Sean Scully The Passenger - A retrospective exhibition

16 November 2022—12 March 2023
Museum of Contemporary Art, Zagreb

The Museum of Contemporary Art Zagreb will open the large retrospective exhibition Passenger of the American abstract painter Sean Scully, one of the leading and exceptionally successful artists of his generation. The author of the exhibition is Dávid Fehér, director of the Central European Research Institute for Art History and curator of 20th-century contemporary art at the Museum of Fine Arts in Budapest, while Jasna JakšićIvana Kancir, and Ana Škegro have curated the Zagreb exhibition. The retrospective presents sixty-four of Scully’s seminal artworks – canvases, works on paper, photographs, and sculptures – as an extremely valuable cross-section of the painter’s work over the past 50 years. 

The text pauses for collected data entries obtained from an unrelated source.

(* Let $A$ be a centrally essential ring such that the factor ring $A/J(A)$ by the Jacobson radical is not commutative. Then the polynomial ring $A[x]$ (in a central indeterminate $x$) is centrally essential but is neither right quasi-invariant nor left quasi-invariant.
   Context: All rings are associative, unital and non-zero. $Z(A)$ denotes the center of a ring $A$. A ring $A$ is centrally essential if either $A$ is commutative or for every non-central element $a\in A$ there exist non-zero central elements $x,y\in Z(A)$ with $ax=y$. A ring is right (resp. left) quasi-invariant if every maximal right (resp. left) ideal of it is a two-sided ideal. *)

theory Defs
  imports "HOL-Algebra.Algebra"
begin

definition ring_center :: "('a, 'm) ring_scheme \<Rightarrow> 'a set" where
  "ring_center R = {z \<in> carrier R. \<forall>a \<in> carrier R. z \<otimes>\<^bsub>R\<^esub> a = a \<otimes>\<^bsub>R\<^esub> z}"

definition mult_commutative :: "('a, 'm) ring_scheme \<Rightarrow> bool" where
  "mult_commutative R \<longleftrightarrow>
     (\<forall>a \<in> carrier R. \<forall>b \<in> carrier R. a \<otimes>\<^bsub>R\<^esub> b = b \<otimes>\<^bsub>R\<^esub> a)"

definition centrally_essential :: "('a, 'm) ring_scheme \<Rightarrow> bool" where
  "centrally_essential R \<longleftrightarrow>
     mult_commutative R \<or>
     (\<forall>a \<in> carrier R. a \<notin> ring_center R \<longrightarrow>
        (\<exists>x \<in> ring_center R. \<exists>y \<in> ring_center R.
           x \<noteq> \<zero>\<^bsub>R\<^esub> \<and> y \<noteq> \<zero>\<^bsub>R\<^esub> \<and> a \<otimes>\<^bsub>R\<^esub> x = y))"

definition right_ideal :: "'a set \<Rightarrow> ('a, 'm) ring_scheme \<Rightarrow> bool" where
  "right_ideal I R \<longleftrightarrow> additive_subgroup I R \<and>
     (\<forall>a \<in> I. \<forall>r \<in> carrier R. a \<otimes>\<^bsub>R\<^esub> r \<in> I)"

definition left_ideal :: "'a set \<Rightarrow> ('a, 'm) ring_scheme \<Rightarrow> bool" where
  "left_ideal I R \<longleftrightarrow> additive_subgroup I R \<and>
     (\<forall>a \<in> I. \<forall>r \<in> carrier R. r \<otimes>\<^bsub>R\<^esub> a \<in> I)"

definition maximal_right_ideal :: "'a set \<Rightarrow> ('a, 'm) ring_scheme \<Rightarrow> bool" where
  "maximal_right_ideal M R \<longleftrightarrow> right_ideal M R \<and> M \<noteq> carrier R \<and>
     (\<forall>I. right_ideal I R \<and> M \<subseteq> I \<longrightarrow> I = M \<or> I = carrier R)"

definition maximal_left_ideal :: "'a set \<Rightarrow> ('a, 'm) ring_scheme \<Rightarrow> bool" where
  "maximal_left_ideal M R \<longleftrightarrow> left_ideal M R \<and> M \<noteq> carrier R \<and>
     (\<forall>I. left_ideal I R \<and> M \<subseteq> I \<longrightarrow> I = M \<or> I = carrier R)"

definition right_quasi_invariant :: "('a, 'm) ring_scheme \<Rightarrow> bool" where
  "right_quasi_invariant R \<longleftrightarrow> (\<forall>M. maximal_right_ideal M R \<longrightarrow> ideal M R)"

definition left_quasi_invariant :: "('a, 'm) ring_scheme \<Rightarrow> bool" where
  "left_quasi_invariant R \<longleftrightarrow> (\<forall>M. maximal_left_ideal M R \<longrightarrow> ideal M R)"

definition jacobson_radical :: "('a, 'm) ring_scheme \<Rightarrow> 'a set" where
  "jacobson_radical R = carrier R \<inter> \<Inter> {M. maximal_right_ideal M R}"

end

theory Submission
  imports Defs
begin

text \<open>
  Since the indeterminate x is central, a non-central polynomial can be multiplied by nonzero
  central constants, one non-central coefficient at a time, until all its coefficients are
  central, without ever becoming zero; so A[x] is centrally essential.

  As A/J(A) is not commutative, some commutator ab - ba lies outside J(A), hence outside a
  maximal right ideal M. If M is not two-sided, neither is the maximal right ideal of A[x]
  formed by the polynomials with constant term in M. Otherwise the polynomials f whose value
  a^0 f_0 + a^1 f_1 + ... (a substituted to the left of the coefficients) lies in M form a
  maximal right ideal containing x - a but not b(x - a), whose value is ab - ba. An element
  lying in all maximal left ideals lies in J(A), so the commutator also avoids a maximal left
  ideal, and the left-handed statement follows by passing to the opposite ring.
\<close>

lemma (in ring) additive_subgroup_iff:
  "additive_subgroup I R \<longleftrightarrow>
     I \<subseteq> carrier R \<and> \<zero> \<in> I \<and> (\<forall>x\<in>I. \<forall>y\<in>I. x \<oplus> y \<in> I) \<and> (\<forall>x\<in>I. \<ominus> x \<in> I)"
proof
  assume "additive_subgroup I R"
  then interpret additive_subgroup I R .
  show "I \<subseteq> carrier R \<and> \<zero> \<in> I \<and> (\<forall>x\<in>I. \<forall>y\<in>I. x \<oplus> y \<in> I) \<and> (\<forall>x\<in>I. \<ominus> x \<in> I)"
    using a_subset by auto
next
  assume "I \<subseteq> carrier R \<and> \<zero> \<in> I \<and> (\<forall>x\<in>I. \<forall>y\<in>I. x \<oplus> y \<in> I) \<and> (\<forall>x\<in>I. \<ominus> x \<in> I)"
  then show "additive_subgroup I R"
    by (intro additive_subgroupI add.subgroupI) (auto simp: a_inv_def)
qed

Sean Scully’s exhibition at the Museum of Contemporary Art Zagreb is an exceptional opportunity to see his monumental compositions, as well as works of smaller formats, in one of the newest and largest exhibition venues in this part of Europe. As the final stop on the series of exhibitions – that began with the exquisite Scully retrospective at the Museum of Fine Arts – Hungarian National Gallery in Budapest, and continued at the Benaki Museum in Athens and MAMbo in Bologna – the Zagreb version of the retrospective is primarily a recapitulation adapted to the spatial specificities of MSU, but also, to a large extent, to the dialogue with its own heritage. It should be kept in mind that MSU was one of the first public institutions in the world to call itself contemporary and that, since its foundation in 1954, it has been passionately representing and promoting abstract art. It is also globally recognised as one of the key centres of early computer art.

Looking at Sean Scully’s oeuvre from the mid-sixties to the present day, the upcoming retrospective opens up a whole series of potential narratives, concurrences and contacts that may have happened in the past, as well as the foreboding of some future, perhaps unexpected recognitions of affinities and aspirations. The exhibition opens with the Passenger as its title section which, in its nomadic features, combines the utopia of the universal language of art – constantly aspired to, at least declaratively – with the life experience of the artist, himself an emigrant. His intimate statement and personal history, abstracted into the visual language and its signs, construct the exhibition as an authentic testimony to an artistic journey that retains traces of doubts, uncertainties and disappointed hopes in the world of art and its complex unwritten rules and never-published laws.